Wei Wen, Hanxiao Liu, Hai Li, Yiran Chen, Gabriel Bender, Pieter-Jan Kindermans. "Neural Predictor for Neural Architecture Search". arXiv:1912.00848. [Paper link](https://arxiv.org/abs/1912.00848).



**This is a open source reproduction in PyTorch.**



## Reproduction Results



![](assets/scatterplot.png)



All the results are run with the hyper-parameters provided in paper (default value in `train.py`), unless otherwise specified.



The following results are MSE. The lower, the better.

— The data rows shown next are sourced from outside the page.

lemma pd_trace_K:
  assumes x: "x 1 \<in> I" and \<theta>: "0 < x 2" "x 2 < pi"
  shows "pd i trace_K x = (if i = 1 then - deriv A (x 1) + 4 * deriv B (x 1) + deriv C (x 1) else 0)"
proof -
  consider "i = 1" | "i = 2" | "i \<noteq> 1" "i \<noteq> 2" by blast
  then show ?thesis
  proof cases
    case 1
    have "\<forall>\<^sub>F s in nhds (x 1). s \<in> I"
      using open_I x by (rule eventually_nhds_in_open)
    then have "pd 1 trace_K x = deriv (\<lambda>s. - A s + 4 * B s + C s) (x 1)"
      unfolding pd_def using \<theta> sin_gt_zero[of "x 2"]
      by (intro deriv_cong_ev) (auto elim!: eventually_mono simp: trace_K_eq)
    also have "\<dots> = - deriv A (x 1) + 4 * deriv B (x 1) + deriv C (x 1)"
      using x by (intro DERIV_imp_deriv) (auto intro!: derivative_eq_intros dA dB dC)
    finally show ?thesis using 1 by simp
  next
    case 2
    have "\<forall>\<^sub>F s in nhds (x 2). s \<in> {0<..<pi}"
      using \<theta> by (intro eventually_nhds_in_open) auto
    moreover have "trace_K (x(2 := s)) = - A (x 1) + 4 * B (x 1) + C (x 1)" if "s \<in> {0<..<pi}" for s
      using trace_K_eq[of "x(2 := s)"] x that sin_gt_zero[of s] by simp
    ultimately have "pd 2 trace_K x = deriv (\<lambda>s. - A (x 1) + 4 * B (x 1) + C (x 1)) (x 2)"
      unfolding pd_def by (intro deriv_cong_ev) (auto elim!: eventually_mono)
    then show ?thesis using 2 by simp
  qed (auto intro!: pd_eq_0_if_constant_along simp: trace2_def K_tensor_def sss_metric_inv_def
      sss_metric_def u_cov_def chi_cov_def cong: if_cong)
qed

lemma cyclic_cov2_components:
  assumes x: "x 1 \<in> I" and \<theta>: "0 < x 2" "x 2 < pi"
  shows "cov2 g g_inv K x 1 1 1 + cov2 g g_inv K x 1 1 1 + cov2 g g_inv K x 1 1 1
           = 3 * (deriv B (x 1) + deriv C (x 1)) * (f1 (x 1))\<^sup>2"
    and "cov2 g g_inv K x 1 2 2 + cov2 g g_inv K x 2 1 2 + cov2 g g_inv K x 2 1 2
           = deriv B (x 1) * (f2 (x 1))\<^sup>2 + 2 * C (x 1) * f2 (x 1) * deriv f2 (x 1)"
    and "cov2 g g_inv K x 0 0 1 + cov2 g g_inv K x 0 0 1 + cov2 g g_inv K x 1 0 0
           = (deriv A (x 1) - deriv B (x 1)) * (b (x 1))\<^sup>2 - 2 * (A (x 1) + C (x 1)) * b (x 1) * deriv b (x 1)"
  using x \<theta> sin_gt_zero[of "x 2"] b_pos[OF x] f1_pos[OF x] f2_pos[OF x]
  unfolding cov2_def christoffel_def sum_lessThan_4
  by (simp_all add: pd_metric pd_K pd_trace_K)
    (simp_all add: sss_metric_inv_def sss_metric_def K_tensor_def u_cov_def chi_cov_def
      field_simps power2_eq_square)

lemma divergence_component_r:
  assumes x: "x 1 \<in> I" and \<theta>: "0 < x 2" "x 2 < pi"
  shows "(\<Sum>k<4. \<Sum>j<4. g_inv x k j * cov2 g g_inv K x j k 1)
           = deriv B (x 1) + deriv C (x 1) + (A (x 1) + C (x 1)) * deriv b (x 1) / b (x 1)
             + 2 * C (x 1) * deriv f2 (x 1) / f2 (x 1)"
  using x \<theta> sin_gt_zero[of "x 2"] b_pos[OF x] f1_pos[OF x] f2_pos[OF x]
  unfolding cov2_def christoffel_def sum_lessThan_4
  by (simp add: pd_metric pd_K pd_trace_K)
    (simp add: sss_metric_inv_def sss_metric_def K_tensor_def u_cov_def chi_cov_def
      field_simps power2_eq_square)

lemma radial_killing_ode_if_killing:
  assumes x: "x 1 \<in> I" and \<theta>: "0 < x 2" "x 2 < pi"
    and killing: "conformal_killing_at g g_inv K x" and div_free: "divergence_free_at g g_inv K x"
  shows "radial_killing_ode A B C b f2 (x 1)"
proof -
  let ?T = "- deriv A (x 1) + 4 * deriv B (x 1) + deriv C (x 1)"
  have b: "b (x 1) > 0" and f1: "f1 (x 1) > 0" and f2: "f2 (x 1) > 0"
    using b_pos f1_pos f2_pos x by auto
  note killing_at = killing[unfolded conformal_killing_at_def, rule_format]
  note components = cyclic_cov2_components[OF x \<theta>]
  have "3 * (deriv B (x 1) + deriv C (x 1)) * (f1 (x 1))\<^sup>2 = (f1 (x 1))\<^sup>2 * ?T / 2"
    using killing_at[of 1 1 1] unfolding components(1) pd_trace_K[OF x \<theta>] by (simp add: sss_metric_def)
  then have "(f1 (x 1))\<^sup>2 * (?T - 6 * (deriv B (x 1) + deriv C (x 1))) = 0"
    by (simp add: algebra_simps)
  then have T: "?T = 6 * (deriv B (x 1) + deriv C (x 1))"
    using f1 by simp
  have "deriv B (x 1) * (f2 (x 1))\<^sup>2 + 2 * C (x 1) * f2 (x 1) * deriv f2 (x 1) = (f2 (x 1))\<^sup>2 * ?T / 6"
    using killing_at[of 1 2 2] unfolding components(2) pd_trace_K[OF x \<theta>] by (simp add: sss_metric_def)
  then have "f2 (x 1) * (deriv C (x 1) * f2 (x 1) - 2 * C (x 1) * deriv f2 (x 1)) = 0"
    unfolding T by (auto simp: field_simps power2_eq_square)
  then have ode1: "deriv C (x 1) * f2 (x 1) = 2 * C (x 1) * deriv f2 (x 1)"
    using f2 by auto
  have "(deriv A (x 1) - deriv B (x 1)) * (b (x 1))\<^sup>2 - 2 * (A (x 1) + C (x 1)) * b (x 1) * deriv b (x 1)
      = - ((b (x 1))\<^sup>2 * ?T / 6)"
    using killing_at[of 0 0 1] unfolding components(3) pd_trace_K[OF x \<theta>] by (simp add: sss_metric_def)
  then have "b (x 1) * ((deriv A (x 1) + deriv C (x 1)) * b (x 1) - 2 * (A (x 1) + C (x 1)) * deriv b (x 1)) = 0"
    unfolding T by (auto simp: field_simps power2_eq_square)
  then have ode2: "(deriv A (x 1) + deriv C (x 1)) * b (x 1) = 2 * (A (x 1) + C (x 1)) * deriv b (x 1)"
    using b by auto
  have "deriv B (x 1) + deriv C (x 1) + (A (x 1) + C (x 1)) * deriv b (x 1) / b (x 1)
      + 2 * C (x 1) * deriv f2 (x 1) / f2 (x 1) = 0"
    using div_free[unfolded divergence_free_at_def, rule_format, of 1]
    unfolding divergence_component_r[OF x \<theta>] by simp
  moreover have "2 * C (x 1) * deriv f2 (x 1) / f2 (x 1) = deriv C (x 1)"
    using ode1 f2 by (simp add: field_simps)
  ultimately have "deriv B (x 1) + 2 * deriv C (x 1) + (A (x 1) + C (x 1)) * deriv b (x 1) / b (x 1) = 0"
    by simp
  then have ode3: "deriv B (x 1) * b (x 1) = - (A (x 1) + C (x 1)) * deriv b (x 1) - 2 * deriv C (x 1) * b (x 1)"
    using b by (auto simp: field_simps)
  show ?thesis
    unfolding radial_killing_ode_def using ode1 ode2 ode3 by blast
qed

| Train Split | Eval Split | Paper | Reproduction | Comments                |

|-------------|------------|-------|--------------|-------------------------|

| 172         | all        | 1.95  | 3.62         |                         |

| 860         | all        | NA    | 2.94         |                         |

| 172         | denoise-80 | NA    | 1.90         |                         |

| 91-172      | denoise-91 | 0.66  | 0.74         | Paper used classifier to denoise |

| 91-172      | denoise-91 | NA    | 0.56         | epochs = 600, lr = 2e-4 |



NOTE: As the classifier is not ready, we cheated a little by directly filtering out all the architectures below 91%. The splits are called `91-`.



## TODO Items



- [ ] Classifier (first stage)

- [ ] Cross validation

- [ ] E2E Architecture Selection



## Preparation



### Dependencies



* PyTorch (cuda)

* [NasBench](https://github.com/google-research/nasbench/tree/master/nasbench)

* h5py

* matplotlib



### Dataset



Download HDF5 version of NasBench from [here](https://drive.google.com/open?id=1x1EQCyClzHBVDHloUCtES_-M_E9o4MeF) and put it under `data`.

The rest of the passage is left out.